**TASK BRIEF**
A complete response lists each line of the data below that includes the word "symmetric".

**PROVIDED DATA**
+--
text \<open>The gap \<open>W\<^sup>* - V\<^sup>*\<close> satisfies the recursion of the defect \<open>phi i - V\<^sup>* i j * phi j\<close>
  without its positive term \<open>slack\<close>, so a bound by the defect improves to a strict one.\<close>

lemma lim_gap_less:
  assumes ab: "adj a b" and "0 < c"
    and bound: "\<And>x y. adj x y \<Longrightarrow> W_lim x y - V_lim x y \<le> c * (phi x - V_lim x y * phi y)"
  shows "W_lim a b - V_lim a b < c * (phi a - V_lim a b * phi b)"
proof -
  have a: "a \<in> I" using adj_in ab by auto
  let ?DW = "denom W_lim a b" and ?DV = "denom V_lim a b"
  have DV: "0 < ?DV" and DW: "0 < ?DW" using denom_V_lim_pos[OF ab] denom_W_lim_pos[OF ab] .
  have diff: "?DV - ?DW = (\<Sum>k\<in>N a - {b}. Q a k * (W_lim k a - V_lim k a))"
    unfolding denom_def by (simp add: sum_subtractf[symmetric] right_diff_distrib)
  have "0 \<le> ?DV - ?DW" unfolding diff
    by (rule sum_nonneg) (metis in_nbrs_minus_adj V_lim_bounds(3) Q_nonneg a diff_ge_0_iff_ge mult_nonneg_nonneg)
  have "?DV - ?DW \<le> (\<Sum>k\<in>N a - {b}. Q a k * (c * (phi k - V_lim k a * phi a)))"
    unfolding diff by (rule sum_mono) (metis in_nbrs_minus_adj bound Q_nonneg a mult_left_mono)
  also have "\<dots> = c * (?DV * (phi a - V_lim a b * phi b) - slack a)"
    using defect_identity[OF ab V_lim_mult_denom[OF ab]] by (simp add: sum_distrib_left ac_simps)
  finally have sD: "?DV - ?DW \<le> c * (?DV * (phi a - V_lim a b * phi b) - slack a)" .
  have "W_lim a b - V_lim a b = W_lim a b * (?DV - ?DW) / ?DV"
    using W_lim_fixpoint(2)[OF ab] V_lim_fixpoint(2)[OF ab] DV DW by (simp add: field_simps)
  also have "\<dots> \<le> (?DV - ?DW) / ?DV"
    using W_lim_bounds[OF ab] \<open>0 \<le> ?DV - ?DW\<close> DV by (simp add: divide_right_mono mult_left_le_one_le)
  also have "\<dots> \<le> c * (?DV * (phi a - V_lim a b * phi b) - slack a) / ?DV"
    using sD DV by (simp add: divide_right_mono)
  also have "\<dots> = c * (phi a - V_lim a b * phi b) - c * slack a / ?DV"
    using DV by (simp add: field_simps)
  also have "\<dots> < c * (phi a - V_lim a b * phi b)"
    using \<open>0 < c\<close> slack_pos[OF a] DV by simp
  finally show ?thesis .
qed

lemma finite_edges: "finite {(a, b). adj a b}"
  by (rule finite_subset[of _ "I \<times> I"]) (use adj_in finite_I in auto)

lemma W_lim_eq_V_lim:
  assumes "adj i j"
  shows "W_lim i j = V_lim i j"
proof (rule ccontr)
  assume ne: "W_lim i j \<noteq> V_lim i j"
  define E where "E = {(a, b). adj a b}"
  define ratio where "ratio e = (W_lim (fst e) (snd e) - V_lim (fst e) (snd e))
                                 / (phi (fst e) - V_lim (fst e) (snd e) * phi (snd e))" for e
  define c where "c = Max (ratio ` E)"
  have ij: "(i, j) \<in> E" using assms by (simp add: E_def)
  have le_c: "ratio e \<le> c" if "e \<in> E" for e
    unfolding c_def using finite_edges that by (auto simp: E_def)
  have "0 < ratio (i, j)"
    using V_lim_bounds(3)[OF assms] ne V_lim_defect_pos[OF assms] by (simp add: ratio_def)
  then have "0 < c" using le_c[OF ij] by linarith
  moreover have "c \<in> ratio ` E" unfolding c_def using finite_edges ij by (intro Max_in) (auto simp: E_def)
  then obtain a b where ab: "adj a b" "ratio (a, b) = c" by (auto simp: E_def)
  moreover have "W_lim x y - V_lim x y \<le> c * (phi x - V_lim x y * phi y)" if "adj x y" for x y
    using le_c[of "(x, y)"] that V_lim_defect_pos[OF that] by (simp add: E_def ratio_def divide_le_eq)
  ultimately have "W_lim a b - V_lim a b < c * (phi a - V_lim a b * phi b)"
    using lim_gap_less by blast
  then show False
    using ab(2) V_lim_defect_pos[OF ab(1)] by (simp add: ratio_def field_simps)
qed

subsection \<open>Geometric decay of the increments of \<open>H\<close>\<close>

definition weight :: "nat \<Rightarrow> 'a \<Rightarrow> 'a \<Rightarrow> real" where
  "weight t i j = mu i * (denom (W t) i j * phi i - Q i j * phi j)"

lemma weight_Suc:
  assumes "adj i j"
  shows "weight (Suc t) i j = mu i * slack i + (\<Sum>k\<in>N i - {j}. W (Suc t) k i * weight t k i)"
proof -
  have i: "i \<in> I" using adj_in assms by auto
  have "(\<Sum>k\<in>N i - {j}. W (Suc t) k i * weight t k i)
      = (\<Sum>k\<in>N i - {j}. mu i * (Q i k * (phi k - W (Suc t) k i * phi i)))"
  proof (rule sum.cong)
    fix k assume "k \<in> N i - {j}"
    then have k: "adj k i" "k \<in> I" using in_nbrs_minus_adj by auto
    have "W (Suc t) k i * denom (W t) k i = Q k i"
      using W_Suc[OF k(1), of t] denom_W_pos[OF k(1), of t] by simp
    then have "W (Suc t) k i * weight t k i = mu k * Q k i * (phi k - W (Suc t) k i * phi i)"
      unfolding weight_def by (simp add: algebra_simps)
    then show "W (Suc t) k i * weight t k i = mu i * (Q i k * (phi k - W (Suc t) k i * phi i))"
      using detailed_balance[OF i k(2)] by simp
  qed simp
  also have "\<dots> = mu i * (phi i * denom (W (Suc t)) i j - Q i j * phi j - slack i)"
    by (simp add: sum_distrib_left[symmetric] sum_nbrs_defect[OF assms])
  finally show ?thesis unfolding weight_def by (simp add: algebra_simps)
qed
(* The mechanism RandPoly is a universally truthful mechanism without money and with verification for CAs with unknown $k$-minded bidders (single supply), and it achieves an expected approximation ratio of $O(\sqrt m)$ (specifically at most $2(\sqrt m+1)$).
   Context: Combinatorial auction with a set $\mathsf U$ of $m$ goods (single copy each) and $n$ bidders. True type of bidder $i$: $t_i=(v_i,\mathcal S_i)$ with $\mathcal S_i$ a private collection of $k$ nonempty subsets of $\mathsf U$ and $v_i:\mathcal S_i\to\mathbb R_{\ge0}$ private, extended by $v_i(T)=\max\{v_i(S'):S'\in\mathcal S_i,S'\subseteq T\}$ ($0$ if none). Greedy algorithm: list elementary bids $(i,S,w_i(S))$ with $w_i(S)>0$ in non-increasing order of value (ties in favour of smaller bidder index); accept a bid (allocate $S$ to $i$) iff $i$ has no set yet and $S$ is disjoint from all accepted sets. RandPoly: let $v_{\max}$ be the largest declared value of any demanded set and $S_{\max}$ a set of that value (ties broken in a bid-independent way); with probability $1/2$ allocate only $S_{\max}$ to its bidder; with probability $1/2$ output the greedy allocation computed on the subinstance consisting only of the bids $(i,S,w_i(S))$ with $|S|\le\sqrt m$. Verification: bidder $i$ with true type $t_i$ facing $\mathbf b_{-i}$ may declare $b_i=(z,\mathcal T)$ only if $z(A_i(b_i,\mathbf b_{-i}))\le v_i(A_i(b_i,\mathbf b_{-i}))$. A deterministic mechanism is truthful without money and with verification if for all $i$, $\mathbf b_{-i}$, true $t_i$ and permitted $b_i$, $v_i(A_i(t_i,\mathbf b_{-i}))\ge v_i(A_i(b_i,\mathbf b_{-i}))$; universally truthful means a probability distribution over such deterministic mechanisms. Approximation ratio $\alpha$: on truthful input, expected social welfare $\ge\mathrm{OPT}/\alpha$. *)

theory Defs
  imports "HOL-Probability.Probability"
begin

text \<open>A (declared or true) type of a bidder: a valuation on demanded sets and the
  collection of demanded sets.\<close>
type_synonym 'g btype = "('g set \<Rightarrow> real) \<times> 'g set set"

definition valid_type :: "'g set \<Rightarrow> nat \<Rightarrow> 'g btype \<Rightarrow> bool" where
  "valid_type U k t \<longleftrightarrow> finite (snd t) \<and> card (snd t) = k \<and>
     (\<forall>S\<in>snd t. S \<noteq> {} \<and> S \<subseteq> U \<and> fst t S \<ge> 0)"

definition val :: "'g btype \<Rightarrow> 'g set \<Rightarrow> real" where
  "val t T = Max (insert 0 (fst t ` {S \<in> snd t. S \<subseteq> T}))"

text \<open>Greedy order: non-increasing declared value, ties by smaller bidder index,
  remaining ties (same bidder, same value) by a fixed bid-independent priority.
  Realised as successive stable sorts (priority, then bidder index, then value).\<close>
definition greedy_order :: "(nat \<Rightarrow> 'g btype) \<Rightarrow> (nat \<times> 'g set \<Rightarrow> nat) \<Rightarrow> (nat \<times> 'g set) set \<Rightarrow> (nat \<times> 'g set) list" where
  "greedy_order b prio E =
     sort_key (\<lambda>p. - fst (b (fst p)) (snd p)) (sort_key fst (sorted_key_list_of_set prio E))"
+--
**FINISHED EXERCISE**
    unfolding denom_def by (simp add: sum_subtractf[symmetric] right_diff_distrib)
    by (simp add: sum_distrib_left[symmetric] sum_nbrs_defect[OF assms])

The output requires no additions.